= Corvette Z06 =

Corvette Z06 may refer to:

- Chevrolet Corvette (C2) Z06, based on the C2 platform in 1963
- Chevrolet Corvette (C5) Z06, based on the C5 platform 2001–2004
- Chevrolet Corvette (C6) Z06, based on the C6 platform 2006–2013
- Chevrolet Corvette (C7) Z06, based on the C7 platform 2015–2019
- Chevrolet Corvette (C8) Z06, based on the C8 platform 2020

Originally, the Z06 designation was an order code for an options package in the 1963 model year. Zora Arkus-Duntov, known as the “father of the Corvette” came up with the idea to circumvent a 1957 corporate agreement between American manufacturers forbidding automobile racing.
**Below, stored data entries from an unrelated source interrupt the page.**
lemma of_nform_k_correct:
  "nwf \<rho> n \<Longrightarrow> nrank n \<le> k \<Longrightarrow> \<forall>x\<in>#nleaves n. \<rho> x \<le> k \<Longrightarrow>
   wf_expr \<rho> (of_nform n) \<and> rank \<rho> (of_nform n) = nrank n \<and> k_correct k \<rho> (of_nform n)"
proof (induction n)
  case (NApp x cs)
  define hs where "hs = map nrank cs"
  define es where "es = map of_nform cs"
  have len: "length cs = \<rho> x" and xk: "\<rho> x \<le> k"
    using NApp.prems by auto
  have args: "\<forall>j<length hs. wf_expr \<rho> (es ! j) \<and> rank \<rho> (es ! j) = hs ! j \<and> k_correct k \<rho> (es ! j)"
  proof (intro allI impI)
    fix j assume j: "j < length hs"
    then have c: "cs ! j \<in> set cs" by (simp add: hs_def)
    then have "nrank (cs ! j) \<le> sum_list (map nrank cs)" by (simp add: member_le_sum_list)
    then have "nrank (cs ! j) \<le> k" using NApp.prems by simp
    moreover have "\<forall>y\<in>#nleaves (cs ! j). \<rho> y \<le> k"
      using NApp.prems c mset_sum_list_member[of _ cs _ nleaves] by auto
    moreover have "nwf \<rho> (cs ! j)" using NApp.prems c by simp
    ultimately show "wf_expr \<rho> (es ! j) \<and> rank \<rho> (es ! j) = hs ! j \<and> k_correct k \<rho> (es ! j)"
      using NApp.IH[OF c] j by (simp add: es_def hs_def)
  qed
  have "wf_expr \<rho> (fill_slots (Leaf x) es [] (fill_order hs)) \<and>
    rank \<rho> (fill_slots (Leaf x) es [] (fill_order hs)) = partial_rank hs (set (fill_order hs) \<union> set []) \<and>
    k_correct k \<rho> (fill_slots (Leaf x) es [] (fill_order hs))"
  proof (rule fill_slots_k_correct[OF _ args])
    show "rank \<rho> (Leaf x) = partial_rank hs (set [])"
      using len by (simp add: partial_rank_def hs_def)
    show "\<forall>m\<le>length (fill_order hs). partial_rank hs (set (take m (fill_order hs)) \<union> set []) \<le> k"
      using partial_rank_fill_order_le[of hs] xk len NApp.prems(2)
      by (simp add: hs_def) (meson le_trans max.bounded_iff)
  qed (use xk fill_order_set in \<open>auto simp: es_def hs_def\<close>)
  moreover have "partial_rank hs (set (fill_order hs) \<union> set []) = nrank (NApp x cs)"
    using fill_order_set(2)[of hs] partial_rank_all[of hs] by (simp add: hs_def)
  ultimately show ?case by (simp add: es_def hs_def)
qed auto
The Z06 designation included a revised rear end, a larger gas tank, more powerful motor, suspension tuning, and stronger brakes so that Corvette owners and enthusiasts could race their sports cars and represent Chevrolet in an informal sense. The Z06 order code/designation disappeared in the Chevrolet lineup after 1963, and returned in 2001 for the C5 generation of Corvettes. The Z06 has since been offered in each generation, from C5-C8. Each generation of Z06 has remained true to their roots, in that they represent a track ready, race-oriented Corvette over the more civilized road going base models.